**Data records**
lemma sum_insert_fy_explicit:
  assumes y: "y \<subseteq> {1..n}" and x: "x \<in> layer n j"
  shows "(\<Sum>e\<in>{1..n} - x. fy_explicit n y (Suc j) (insert e x))
    = real (card (y - x)) * fy_coeff (Suc j - card y) (n - Suc j) (card (y - x) - 1)
      + real (n - j - card (y - x)) * fy_coeff (Suc j - card y) (n - Suc j) (card (y - x))"
proof -
  have xs: "x \<subseteq> {1..n}" "finite x" "card x = j" using layerD[OF x] by auto
  have fy: "finite y" using y finite_subset by blast
  let ?c = "fy_coeff (Suc j - card y) (n - Suc j)"
  have "(\<Sum>e\<in>{1..n} - x. fy_explicit n y (Suc j) (insert e x))
      = (\<Sum>e\<in>{1..n} - x. if e \<in> y then ?c (card (y - x) - 1) else ?c (card (y - x)))"
  proof (rule sum.cong[OF refl])
    fix e assume e: "e \<in> {1..n} - x"
    then have "insert e x \<in> layer n (Suc j)" using xs by (intro layerI) auto
    moreover have "y - insert e x = (y - x) - {e}" by blast
    ultimately show "fy_explicit n y (Suc j) (insert e x)
        = (if e \<in> y then ?c (card (y - x) - 1) else ?c (card (y - x)))"
      using e fy by (simp add: fy_explicit_def card_Diff_singleton_if)
  qed
  also have "\<dots> = real (card (y - x)) * ?c (card (y - x) - 1)
      + real (card ({1..n} - (x \<union> y))) * ?c (card (y - x))"
  proof -
    have "({1..n} - x) \<inter> {e. e \<in> y} = y - x" "({1..n} - x) \<inter> - {e. e \<in> y} = {1..n} - (x \<union> y)"
      using y by auto
    then show ?thesis by (simp add: sum.If_cases)
  qed
  also have "card ({1..n} - (x \<union> y)) = n - j - card (y - x)"
  proof -
    have "card (x \<union> y) = j + card (y - x)"
      using card_Un_disjoint[of x "y - x"] xs fy by (simp add: Un_Diff_cancel)
    then show ?thesis using xs y by (simp add: card_Diff_subset fy)
  qed
  finally show ?thesis .
qed

lemma sum_remove_fy_explicit:
  assumes y: "y \<subseteq> {1..n}" and x: "x \<in> layer n (Suc i)"
  shows "(\<Sum>e\<in>x. fy_explicit n y i (x - {e}))
    = real (card (x \<inter> y)) * fy_coeff (i - card y) (n - i) (Suc (card (y - x)))
      + real (card (x - y)) * fy_coeff (i - card y) (n - i) (card (y - x))"
proof -
  have xs: "x \<subseteq> {1..n}" "finite x" "card x = Suc i" using layerD[OF x] by auto
  have fy: "finite y" using y finite_subset by blast
  let ?c = "fy_coeff (i - card y) (n - i)"
  have "(\<Sum>e\<in>x. fy_explicit n y i (x - {e}))
      = (\<Sum>e\<in>x. if e \<in> y then ?c (Suc (card (y - x))) else ?c (card (y - x)))"
  proof (rule sum.cong[OF refl])
    fix e assume e: "e \<in> x"
    then have "x - {e} \<in> layer n i" using xs by (intro layerI) auto
    moreover have "y - (x - {e}) = (if e \<in> y then insert e (y - x) else y - x)" using e by auto
    ultimately show "fy_explicit n y i (x - {e})
        = (if e \<in> y then ?c (Suc (card (y - x))) else ?c (card (y - x)))"
      using e fy by (simp add: fy_explicit_def)
  qed
  also have "\<dots> = real (card (x \<inter> y)) * ?c (Suc (card (y - x))) + real (card (x - y)) * ?c (card (y - x))"
  proof -
    have "x \<inter> {e. e \<in> y} = x \<inter> y" "x \<inter> - {e. e \<in> y} = x - y" by auto
    then show ?thesis using xs by (simp add: sum.If_cases)
  qed
  finally show ?thesis .
qed

context
  fixes n r :: nat and y :: "nat set"
  assumes two_r_le_n: "2 * r \<le> n" and y_in_ball_B: "y \<in> ball_B n r"
begin

lemma y_subset: "y \<subseteq> {1..n}"
  using y_in_ball_B unfolding ball_B_def cube_def by auto

lemma finite_y: "finite y"
  using y_subset finite_subset by blast

lemma y_in_cube: "y \<in> cube n"
  using y_in_ball_B ball_B_subset_cube by blast

lemma card_y_le_r: "card y \<le> r"
  using y_in_ball_B unfolding ball_B_def by auto

lemma card_Diff_y_le: "card (y - x) \<le> card y"
  using finite_y by (simp add: card_mono)

lemma obtain_superset_in_layer:
  assumes "card y \<le> i" "i \<le> r"
  obtains p where "p \<in> layer n i" "y \<subseteq> p"
proof -
  have "i \<le> n" using assms(2) two_r_le_n by linarith
  then show ?thesis using layer_superset_exists[OF y_subset assms(1)] that by blast
qed

lemma sum_insert_fy_explicit_eq:
  assumes "card y \<le> Suc j" "Suc j \<le> r" and x: "x \<in> layer n j"
  shows "(\<Sum>e\<in>{1..n} - x. fy_explicit n y (Suc j) (insert e x))
    = (if card y \<le> j then beta n (Suc j) * fy_explicit n y j x else 0)"
proof -
  define k where "k = card (y - x)"
  define N where "N = n - Suc j"
  have "k \<le> r" using card_Diff_y_le[of x] card_y_le_r unfolding k_def by (rule le_trans)
  moreover have "r + Suc j \<le> n" using assms(2) two_r_le_n by linarith
  ultimately have kN: "k \<le> N" and nj: "n - j = Suc N" unfolding N_def by auto
  then have "real (n - j - k) = real N + 1 - real k" by (simp add: of_nat_diff)
  then have sum: "(\<Sum>e\<in>{1..n} - x. fy_explicit n y (Suc j) (insert e x))
      = real k * fy_coeff (Suc j - card y) N (k - 1) + (real N + 1 - real k) * fy_coeff (Suc j - card y) N k"
    using sum_insert_fy_explicit[OF y_subset x] unfolding k_def N_def by simp
  show ?thesis
  proof (cases "card y \<le> j")
    case True
    then have "Suc j - card y = Suc (j - card y)" by simp
    moreover have "beta n (Suc j) = real N + 1" unfolding beta_def using nj by simp
    moreover have "fy_explicit n y j x = fy_coeff (j - card y) (Suc N) k"
      using nj x unfolding fy_explicit_def k_def by simp
    ultimately show ?thesis using sum fy_coeff_down[OF kN] True by simp
  next
    case False
    then have "card y = Suc j" using assms(1) by simp
    then have "\<not> y \<subseteq> x" using layerD[OF x] card_mono by (metis Suc_n_not_le_n)
    then have "k \<noteq> 0" using finite_y unfolding k_def by simp
    then obtain k' where "k = Suc k'" by (cases k) auto
    then show ?thesis using sum fy_coeff_down_base[of k' N] kN False \<open>card y = Suc j\<close> by simp
  qed
qed

lemma sum_remove_fy_explicit_eq:
  assumes "card y \<le> i" "Suc i \<le> r" and x: "x \<in> layer n (Suc i)"
  shows "(\<Sum>e\<in>x. fy_explicit n y i (x - {e})) = gamma n (card y) i * fy_explicit n y (Suc i) x"
proof -
  define k where "k = card (y - x)"
  define N where "N = n - i"
  define m where "m = i - card y"
  have "r + Suc i \<le> n" using assms(2) two_r_le_n by linarith
  then have tN: "card y + 1 \<le> N" using card_y_le_r unfolding N_def by linarith
  have "k + card (x \<inter> y) = card y"
    using card_Int_Diff[OF finite_y, of x] unfolding k_def by (simp add: Int_commute)
  moreover have "card (x - y) + card (x \<inter> y) = Suc i"
    using card_Int_Diff[of x y] layerD[OF x] by simp
  ultimately have "real (card (x \<inter> y)) = real (card y) - real k"
    and "real (card (x - y)) = real m + 1 + real k"
    using assms(1) unfolding m_def by linarith+
  moreover have "i - card y = m" "n - i = N" "Suc i - card y = Suc m" "n - Suc i = N - 1"
    using assms(1) unfolding m_def N_def by auto
  moreover have "gamma n (card y) i = (real m + 1) * (real N - real (card y)) / real N"
    unfolding gamma_def using assms(1) tN unfolding m_def N_def by (simp add: of_nat_diff)
  ultimately show ?thesis
    using sum_remove_fy_explicit[OF y_subset x] fy_coeff_up[OF card_Diff_y_le[of x] tN, of m] x
    unfolding k_def fy_explicit_def by simp
qed

lemma adj_fy_explicit_apply:
  assumes "card y \<le> i" "i \<le> r"
  shows "adj n r (fy_explicit n y i) x
    = (if card y < i then beta n i * fy_explicit n y (i - 1) x else 0)
      + (if i < r then gamma n (card y) i * fy_explicit n y (i + 1) x else 0)"
proof (cases "x \<in> ball_B n r")
  case False
  have "x \<notin> layer n (i - 1)" using False layer_subset_ball_B[of "i - 1" r n] assms(2) by fastforce
  moreover have "i < r \<Longrightarrow> x \<notin> layer n (i + 1)" using False layer_subset_ball_B[of "i + 1" r n] by auto
  ultimately show ?thesis using False by (simp add: adj_def fy_explicit_def)
next
  case True
  then have x: "x \<in> layer n (card x)" "finite x" "card x \<le> r"
    using ball_B_in_layer[OF True] layerD[OF ball_B_in_layer[OF True]] unfolding ball_B_def by simp_all
  have "fy_explicit n y i \<in> funs_on (ball_B n r)"
    using fy_explicit_in_funs_on layer_subset_ball_B[OF assms(2)] unfolding funs_on_def by blast
  note adj = adj_eq_sum_insert_sum_remove[OF this True]
  note insert_0 = sum_insert_eq_0[OF fy_explicit_in_funs_on x(2)]
  note remove_0 = sum_remove_eq_0[OF fy_explicit_in_funs_on x(2)]
  consider (up) "Suc (card x) = i" | (down) "card x = Suc i" | (far) "Suc (card x) \<noteq> i" "card x \<noteq> Suc i"
    by blast
  then show ?thesis
  proof cases
    case up
    then have "card y \<le> Suc (card x)" "Suc (card x) \<le> r" using assms by auto
    from sum_insert_fy_explicit_eq[OF this x(1)]
    have "(\<Sum>e\<in>{1..n} - x. fy_explicit n y i (insert e x))
        = (if card y < i then beta n i * fy_explicit n y (i - 1) x else 0)"
      using up by auto
    moreover have "fy_explicit n y (i + 1) x = 0" by (rule fy_explicit_eq_0) (use up in simp)
    ultimately show ?thesis using adj remove_0 up by simp
  next
    case down
    then have "card y \<le> i" "Suc i \<le> r" "x \<in> layer n (Suc i)" using assms x by auto
    from sum_remove_fy_explicit_eq[OF this]
    have "(\<Sum>e\<in>x. fy_explicit n y i (x - {e})) = (if i < r then gamma n (card y) i * fy_explicit n y (i + 1) x else 0)"
      using down x(3) by simp
    moreover have "fy_explicit n y (i - 1) x = 0" by (rule fy_explicit_eq_0) (use down in simp)
    ultimately show ?thesis using adj insert_0 down by simp
  next
    case far
    moreover have "card y < i \<Longrightarrow> fy_explicit n y (i - 1) x = 0" "fy_explicit n y (i + 1) x = 0"
      using far by (auto intro: fy_explicit_eq_0)
    ultimately show ?thesis using adj insert_0 remove_0 by simp
  qed
qed

lemma fy_explicit_orth_gz:
  assumes "card y \<le> i" "i \<le> r" "z \<in> cube n" "card z < card y"
  shows "(\<Sum>x\<in>{x\<in>layer n i. z \<subseteq> x}. fy_explicit n y i x) = 0"
  using assms(1,2)
proof (induction i)
  case 0
  then show ?case using assms(4) by simp
next
  case (Suc j)
  have fz: "finite z" using assms(3) by (rule finite_of_cube)
  have "real (Suc j - card z) * (\<Sum>x\<in>{x\<in>layer n (Suc j). z \<subseteq> x}. fy_explicit n y (Suc j) x)
      = (\<Sum>x'\<in>{x'\<in>layer n j. z \<subseteq> x'}. \<Sum>e\<in>{1..n} - x'. fy_explicit n y (Suc j) (insert e x'))"
    by (rule sum_supersets_double_count) (use Suc.prems assms(4) fz in auto)
  also have "\<dots> = (\<Sum>x'\<in>{x'\<in>layer n j. z \<subseteq> x'}.
      if card y \<le> j then beta n (Suc j) * fy_explicit n y j x' else 0)"
    by (rule sum.cong[OF refl]) (use sum_insert_fy_explicit_eq Suc.prems in blast)
  also have "\<dots> = 0"
  proof (cases "card y \<le> j")
    case True
    then show ?thesis using Suc.IH Suc.prems by (simp add: sum_distrib_left[symmetric])
  qed simp
  finally show ?case using Suc.prems assms(4) by simp
qed

lemma fy_explicit_orth_U:
  assumes "card y \<le> i" "i \<le> r" "j < card y" "g \<in> U n i j"
  shows "ip (layer n i) (fy_explicit n y i) g = 0"
proof -
  have "U n i j \<subseteq> {g. ip (layer n i) (fy_explicit n y i) g = 0}"
    unfolding U_def
  proof (rule fvs.span_minimal[OF _ subspace_ip_eq_0], rule subsetI)
    fix g assume "g \<in> {gz n i z |z. z \<in> cube n \<and> card z \<le> j}"
    then obtain z where "g = gz n i z" "z \<in> cube n" "card z < card y" using assms(3) by auto
    then show "g \<in> {g. ip (layer n i) (fy_explicit n y i) g = 0}"
      using fy_explicit_orth_gz[OF assms(1,2)] by (simp add: ip_gz)
  qed
  then show ?thesis using assms(4) by blast
qed

lemma is_fy_fy_explicit:
  assumes "card y \<le> i" "i \<le> r"
  shows "is_fy n y i (fy_explicit n y i)"
proof -
  have "fy_explicit n y i \<in> orth (layer n i) (U n i (card y - 1))" if "card y \<noteq> 0"
    using that fy_explicit_in_funs_on fy_explicit_orth_U[OF assms, of "card y - 1"]
    unfolding orth_def by auto
  then have "fy_explicit n y i \<in> V n i (card y)"
    using fy_explicit_in_U[OF y_in_cube] unfolding V_def by auto
  then show ?thesis
    unfolding is_fy_def Vy_def
    using fy_explicit_in_funs_on fy_explicit_radial[OF finite_y] fy_explicit_superset by blast
qed

lemma is_fy_unique:
  assumes "card y \<le> i" "i \<le> r" "is_fy n y i g"
  shows "g = fy_explicit n y i"
proof -
  have g: "g \<in> funs_on (layer n i)" "g \<in> V n i (card y)"
    "\<forall>x\<in>layer n i. \<forall>x'\<in>layer n i. hdist x y = hdist x' y \<longrightarrow> g x = g x'"
    "\<forall>x\<in>layer n i. y \<subseteq> x \<longrightarrow> g x = 1"
    using assms(3) unfolding is_fy_def Vy_def by blast+
  have "g - fy_explicit n y i = 0"
  proof (rule radial_orth_eq_0[OF y_in_cube])
    show "g - fy_explicit n y i \<in> funs_on (layer n i)"
      using g(1) fy_explicit_in_funs_on unfolding funs_on_def by simp
    show "\<forall>x\<in>layer n i. \<forall>x'\<in>layer n i. hdist x y = hdist x' y \<longrightarrow>
        (g - fy_explicit n y i) x = (g - fy_explicit n y i) x'"
    proof (intro ballI impI)
      fix x x' assume "x \<in> layer n i" "x' \<in> layer n i" "hdist x y = hdist x' y"
      then have "g x = g x'" "fy_explicit n y i x = fy_explicit n y i x'"
        using g(3) fy_explicit_radial[OF finite_y] by blast+
      then show "(g - fy_explicit n y i) x = (g - fy_explicit n y i) x'" by simp
    qed
    show "\<forall>x\<in>layer n i. y \<subseteq> x \<longrightarrow> (g - fy_explicit n y i) x = 0"
      using g(4) fy_explicit_superset by simp
    show "\<forall>z\<in>cube n. card z < card y \<longrightarrow> (\<Sum>x\<in>{x\<in>layer n i. z \<subseteq> x}. (g - fy_explicit n y i) x) = 0"
      using sum_supersets_eq_0_if_in_V[OF g(2)] fy_explicit_orth_gz[OF assms(1,2)]
      by (simp add: sum_subtractf)
  qed
  then show ?thesis by simp
qed

lemma fy_eq_fy_explicit:
  assumes "card y \<le> i" "i \<le> r"
  shows "\<exists>!f. is_fy n y i f" and "fy n y i = fy_explicit n y i"
proof -
  show ex1: "\<exists>!f. is_fy n y i f"
    using is_fy_fy_explicit[OF assms] is_fy_unique[OF assms] by blast
  show "fy n y i = fy_explicit n y i"
    unfolding fy_def using ex1 is_fy_fy_explicit[OF assms] by (rule the1_equality[of "is_fy n y i"])
qed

**Problem details**
The "using g(4) fy_explicit_superset by simp" line through the last line above: set these down exactly and add nothing else.

**Output below**
      using g(4) fy_explicit_superset by simp
    show "\<forall>z\<in>cube n. card z < card y \<longrightarrow> (\<Sum>x\<in>{x\<in>layer n i. z \<subseteq> x}. (g - fy_explicit n y i) x) = 0"
      using sum_supersets_eq_0_if_in_V[OF g(2)] fy_explicit_orth_gz[OF assms(1,2)]
      by (simp add: sum_subtractf)
  qed
  then show ?thesis by simp
qed

lemma fy_eq_fy_explicit:
  assumes "card y \<le> i" "i \<le> r"
  shows "\<exists>!f. is_fy n y i f" and "fy n y i = fy_explicit n y i"
proof -
  show ex1: "\<exists>!f. is_fy n y i f"
    using is_fy_fy_explicit[OF assms] is_fy_unique[OF assms] by blast
  show "fy n y i = fy_explicit n y i"
    unfolding fy_def using ex1 is_fy_fy_explicit[OF assms] by (rule the1_equality[of "is_fy n y i"])
qed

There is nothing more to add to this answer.